Launch the GDB server (in the background) and client in order to load the binary to the S32Z board’s memory and start the execution:

$ ${S32DS_PATH}/S32DS/tools/S32Debugger/Debugger/Server/gta/gta -p 45000 &
$ ${S32DS_PATH}/S32DS/tools/gdb-arm/arm32-eabi/bin/arm-none-eabi-gdb-py -ex "py _PROBE_IP=\"s32dbg:${PROBE_PATH}\"" -ex "py _JTAG_SPEED=16000" -ex "py _GDB_SERVER_PORT=45000" -ex "py _CORE_NAME=\"S32Z270_R52_0_0_LS\"" -ex "py _SOC_NAME=\"S32Z270\"" -ex "source ${S32DS_PATH}/S32DS/tools/S32Debugger/Debugger/scripts/s32z2e2/s32z2e2_generic_bareboard.py" -ex "py board_init()" -ex "py core_init()" -ex "file ${ELF_PATH}" -ex load --batch

Note that the server running in the background will terminate when the client session closes.

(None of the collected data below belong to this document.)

(* Let $\mathcal{R}$ be a right amenable cell space with finite stabiliser $G_0$, let $(\mathcal{R},Q,N,\delta)$ be a semi-cellular automaton with $Q$ finite and $N$ finite, whose global transition function is $\Delta$, and let $\mathcal{F}=(F_i)_{i\in I}$ be a right Følner net in $\mathcal{R}$. Suppose $\delta$ is $\bullet$-invariant, $Q$ contains at least two elements, and $\Delta$ is not pre-injective. Then $\mathrm{h}_{\mathcal{F}}(\Delta(Q^M))<\log|Q|$.
   Context: A cell space $\mathcal{R}$ consists of a group $G$ acting transitively on the left on a nonempty set $M$ via $\triangleright$, a point $m_0\in M$ and a family $(g_{m_0,m})_{m\in M}$ in $G$ with $g_{m_0,m}\triangleright m_0=m$. $G_0$ is the stabiliser of $m_0$, $G/G_0$ the set of left cosets, with $G$ acting by $g\cdot hG_0=ghG_0$. The right semi-action $\triangleleft\colon M\times G/G_0\to M$ is $m\triangleleft gG_0=g_{m_0,m}g\triangleright m_0$. $\mathcal{R}$ is right amenable if there is a finitely additive probability measure $\mu$ on the power set of $M$ such that $\mu(\{a\triangleleft\mathfrak{g}:a\in A\})=\mu(A)$ whenever $\mathfrak{g}\in G/G_0$, $A\subseteq M$ and $m\mapsto m\triangleleft\mathfrak{g}$ is injective on $A$. A right Følner net in $\mathcal{R}$ is a net $(F_i)_{i\in I}$ (over a directed set) of nonempty finite subsets of $M$ with $\lim_{i}\frac{|F_i\setminus\{m: m\triangleleft\mathfrak{g}\in F_i\}|}{|F_i|}=0$ for every $\mathfrak{g}\in G/G_0$. A semi-cellular automaton is $(\mathcal{R},Q,N,\delta)$ with $Q$ a set, $N\subseteq G/G_0$ with $G_0\cdot N\subseteq N$, $\delta\colon Q^N\to Q$; its global transition function is $\Delta(c)(m)=\delta(n\mapsto c(m\triangleleft n))$. $\delta$ is $\bullet$-invariant if $\delta(g_0\bullet\ell)=\delta(\ell)$ for all $g_0\in G_0$, $\ell\in Q^N$, where $(g_0\bullet\ell)(n)=\ell(g_0^{-1}\cdot n)$. For $A\subseteq M$, $\pi_A\colon Q^M\to Q^A$ is restriction; $\mathrm{h}_{\mathcal{F}}(X)=\limsup_{i\in I}\frac{\log|\pi_{F_i}(X)|}{|F_i|}$ for $X\subseteq Q^M$. $\Delta$ is pre-injective if for all $c,c'\in Q^M$ such that $\{m: c(m)\neq c'(m)\}$ is finite and $\Delta(c)=\Delta(c')$ we have $c=c'$. *)

theory Defs
  imports "HOL-Analysis.Analysis" "HOL-Algebra.Group_Action"
begin

definition cell_space :: "('g, 'b) monoid_scheme \<Rightarrow> 'm set \<Rightarrow> ('g \<Rightarrow> 'm \<Rightarrow> 'm) \<Rightarrow> 'm \<Rightarrow> ('m \<Rightarrow> 'g) \<Rightarrow> bool"
  where "cell_space G M act m0 gf \<longleftrightarrow>
    group G \<and> transitive_action G M act \<and> m0 \<in> M \<and>
    (\<forall>m\<in>M. gf m \<in> carrier G \<and> act (gf m) m0 = m)"

definition stab0 :: "('g, 'b) monoid_scheme \<Rightarrow> ('g \<Rightarrow> 'm \<Rightarrow> 'm) \<Rightarrow> 'm \<Rightarrow> 'g set"
  where "stab0 G act m0 = stabilizer G act m0"

definition lcosets0 :: "('g, 'b) monoid_scheme \<Rightarrow> ('g \<Rightarrow> 'm \<Rightarrow> 'm) \<Rightarrow> 'm \<Rightarrow> 'g set set"
  where "lcosets0 G act m0 = {g <#\<^bsub>G\<^esub> stab0 G act m0 | g. g \<in> carrier G}"

text \<open>Right semi-action: m \<triangleleft> gG0 = (gf m * g) \<triangleright> m0 (independent of the chosen representative g).\<close>
definition rsemi :: "('g, 'b) monoid_scheme \<Rightarrow> ('g \<Rightarrow> 'm \<Rightarrow> 'm) \<Rightarrow> 'm \<Rightarrow> ('m \<Rightarrow> 'g) \<Rightarrow> 'm \<Rightarrow> 'g set \<Rightarrow> 'm"
  where "rsemi G act m0 gf m C = act (gf m \<otimes>\<^bsub>G\<^esub> (SOME g. g \<in> C)) m0"

definition right_amenable :: "('g, 'b) monoid_scheme \<Rightarrow> 'm set \<Rightarrow> ('g \<Rightarrow> 'm \<Rightarrow> 'm) \<Rightarrow> 'm \<Rightarrow> ('m \<Rightarrow> 'g) \<Rightarrow> bool"
  where "right_amenable G M act m0 gf \<longleftrightarrow>
    (\<exists>\<mu> :: 'm set \<Rightarrow> real.
       (\<forall>A. A \<subseteq> M \<longrightarrow> \<mu> A \<ge> 0) \<and> \<mu> M = 1 \<and>
       (\<forall>A B. A \<subseteq> M \<longrightarrow> B \<subseteq> M \<longrightarrow> A \<inter> B = {} \<longrightarrow> \<mu> (A \<union> B) = \<mu> A + \<mu> B) \<and>
       (\<forall>C\<in>lcosets0 G act m0. \<forall>A. A \<subseteq> M \<longrightarrow> inj_on (\<lambda>m. rsemi G act m0 gf m C) A \<longrightarrow>
          \<mu> ((\<lambda>a. rsemi G act m0 gf a C) ` A) = \<mu> A))"

definition directed_set :: "'i set \<Rightarrow> ('i \<Rightarrow> 'i \<Rightarrow> bool) \<Rightarrow> bool"
  where "directed_set I rel \<longleftrightarrow> I \<noteq> {} \<and> (\<forall>i\<in>I. rel i i) \<and>
    (\<forall>i\<in>I. \<forall>j\<in>I. \<forall>k\<in>I. rel i j \<longrightarrow> rel j k \<longrightarrow> rel i k) \<and>
    (\<forall>i\<in>I. \<forall>j\<in>I. \<exists>k\<in>I. rel i k \<and> rel j k)"

definition net_filter :: "'i set \<Rightarrow> ('i \<Rightarrow> 'i \<Rightarrow> bool) \<Rightarrow> 'i filter"
  where "net_filter I rel = (INF i\<in>I. principal {j\<in>I. rel i j})"

definition right_folner_net :: "('g, 'b) monoid_scheme \<Rightarrow> 'm set \<Rightarrow> ('g \<Rightarrow> 'm \<Rightarrow> 'm) \<Rightarrow> 'm \<Rightarrow> ('m \<Rightarrow> 'g) \<Rightarrow>
    'i set \<Rightarrow> ('i \<Rightarrow> 'i \<Rightarrow> bool) \<Rightarrow> ('i \<Rightarrow> 'm set) \<Rightarrow> bool"
  where "right_folner_net G M act m0 gf I rel F \<longleftrightarrow>
    directed_set I rel \<and>
    (\<forall>i\<in>I. F i \<subseteq> M \<and> finite (F i) \<and> F i \<noteq> {}) \<and>
    (\<forall>C\<in>lcosets0 G act m0.
       ((\<lambda>i. real (card (F i - {m \<in> M. rsemi G act m0 gf m C \<in> F i})) / real (card (F i)))
          \<longlongrightarrow> 0) (net_filter I rel))"

definition global_trans :: "('g, 'b) monoid_scheme \<Rightarrow> 'm set \<Rightarrow> ('g \<Rightarrow> 'm \<Rightarrow> 'm) \<Rightarrow> 'm \<Rightarrow> ('m \<Rightarrow> 'g) \<Rightarrow>
    'g set set \<Rightarrow> (('g set \<Rightarrow> 'q) \<Rightarrow> 'q) \<Rightarrow> ('m \<Rightarrow> 'q) \<Rightarrow> ('m \<Rightarrow> 'q)"
  where "global_trans G M act m0 gf N \<delta> c =
    (\<lambda>m\<in>M. \<delta> (\<lambda>n\<in>N. c (rsemi G act m0 gf m n)))"

definition bullet_invariant :: "('g, 'b) monoid_scheme \<Rightarrow> ('g \<Rightarrow> 'm \<Rightarrow> 'm) \<Rightarrow> 'm \<Rightarrow>
    'q set \<Rightarrow> 'g set set \<Rightarrow> (('g set \<Rightarrow> 'q) \<Rightarrow> 'q) \<Rightarrow> bool"
  where "bullet_invariant G act m0 Q N \<delta> \<longleftrightarrow>
    (\<forall>g0\<in>stab0 G act m0. \<forall>l\<in>N \<rightarrow>\<^sub>E Q.
       \<delta> (\<lambda>n\<in>N. l (inv\<^bsub>G\<^esub> g0 <#\<^bsub>G\<^esub> n)) = \<delta> l)"

definition pre_injective :: "'m set \<Rightarrow> 'q set \<Rightarrow> (('m \<Rightarrow> 'q) \<Rightarrow> ('m \<Rightarrow> 'q)) \<Rightarrow> bool"
  where "pre_injective M Q \<Delta> \<longleftrightarrow>
    (\<forall>c\<in>M \<rightarrow>\<^sub>E Q. \<forall>c'\<in>M \<rightarrow>\<^sub>E Q.
       finite {m\<in>M. c m \<noteq> c' m} \<longrightarrow> \<Delta> c = \<Delta> c' \<longrightarrow> c = c')"

definition entropy :: "'i set \<Rightarrow> ('i \<Rightarrow> 'i \<Rightarrow> bool) \<Rightarrow> ('i \<Rightarrow> 'm set) \<Rightarrow> ('m \<Rightarrow> 'q) set \<Rightarrow> ereal"
  where "entropy I rel F X =
    Limsup (net_filter I rel)
      (\<lambda>i. ereal (ln (real (card ((\<lambda>c. restrict c (F i)) ` X))) / real (card (F i))))"

end

theory Submission
  imports Defs
begin

text \<open>Let \<open>c\<close> and \<open>c'\<close> be distinct configurations that differ on a finite set \<open>D\<close> and have
  the same image. Enlarge \<open>D\<close> to a finite tile \<open>E\<close> containing every neighbourhood that meets \<open>D\<close>.
  Whenever a configuration carries a translated copy of \<open>c\<close> on a translate of \<open>E\<close>, it may be
  overwritten by the corresponding copy of \<open>c'\<close> without changing the image. Hence every image
  pattern on a finite set \<open>F\<close> is the image of a pattern on the neighbourhood hull of \<open>F\<close> that
  avoids one of the \<open>|Q|^|E|\<close> patterns on each tile of a disjoint family of translates of \<open>E\<close>
  inside \<open>F\<close>. For a maximal such family, the cells of \<open>F\<close> are covered by at most
  \<open>|E|\<^sup>2 |G0|\<close> cells per tile plus cells pushed out of \<open>F\<close> by the right semi-action; along a
  F{\o}lner net the latter, and the excess of the hull over \<open>F\<close>, become negligible. Counting then
  bounds \<open>log |\<pi>\<^sub>F (\<Delta> (Q\<^sup>M))| / |F|\<close> eventually by \<open>log |Q|\<close> minus a positive constant.\<close>

lemma inj_on_restrict_pieces:
  "inj_on (\<lambda>w. ((\<lambda>h\<in>T. restrict w (b h)), restrict w (U - (\<Union>h\<in>T. b h)))) (U \<rightarrow>\<^sub>E Q)"
proof (rule inj_onI)
  fix w v assume w: "w \<in> U \<rightarrow>\<^sub>E Q" and v: "v \<in> U \<rightarrow>\<^sub>E Q"
    and "((\<lambda>h\<in>T. restrict w (b h)), restrict w (U - (\<Union>h\<in>T. b h)))
      = ((\<lambda>h\<in>T. restrict v (b h)), restrict v (U - (\<Union>h\<in>T. b h)))"
  then have on_pieces: "(\<lambda>h\<in>T. restrict w (b h)) = (\<lambda>h\<in>T. restrict v (b h))"
    and on_rest: "restrict w (U - (\<Union>h\<in>T. b h)) = restrict v (U - (\<Union>h\<in>T. b h))"
    by simp_all
  show "w = v"
  proof (rule PiE_ext[OF w v])
    fix x assume "x \<in> U"
    then consider h where "h \<in> T" "x \<in> b h" | "x \<in> U - (\<Union>h\<in>T. b h)"
      by blast
    then show "w x = v x"
    proof cases
      case (1 h)
      then show ?thesis
        using fun_cong[OF fun_cong[OF on_pieces, of h], of x] by simp
    next
      case 2
      then show ?thesis
        using fun_cong[OF on_rest, of x] by simp
    qed
  qed
qed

Note that the expected output includes potential warning: No executable has been specified and Program received signal SIGINT, Interrupt. lines. It is expected to finish with lines similar to:

Start address 0x3211bc64, load size 1004330
Transfer rate: 106 KB/sec, 11956 bytes/write.
[Inferior 1 (Remote target) detached]

AVA Developer Platform run

Note

The following steps need to be executed with X11 forwarding. See the SSH connection paragraph.

On the AVA Developer Platform, inside the previously created Docker container, set up the execution environment:

Note

If needed, see the docker exec documentation on how to attach to a running container.

$ cd /home/ewaol/actuation-demo
$ source install/setup.bash
$ export ROS_DOMAIN_ID=1
$ export CYCLONEDDS_URI=$(pwd)/cyclonedds.xml

Note

The ROS Domain IDs 1 and 2 are expected not to be used by other machines on the sub-network.

Set up the demo by following the Preparation paragraph of the Autoware documentation.

Run the demo with:

$ ros2 launch actuation_demos planning_simulator.launch.xml map_path:=$HOME/autoware_map/sample-map-planning vehicle_model:=sample_vehicle sensor_model:=sample_sensor_kit

Note

Periodic error logs are expected from this command.

By default, it launches rviz2 for visualization.

Follow steps 2 to 4 in order to interact with the simulator and run the demo.

Note

The steering wheel overlay may look oversized due to X11 forwarding.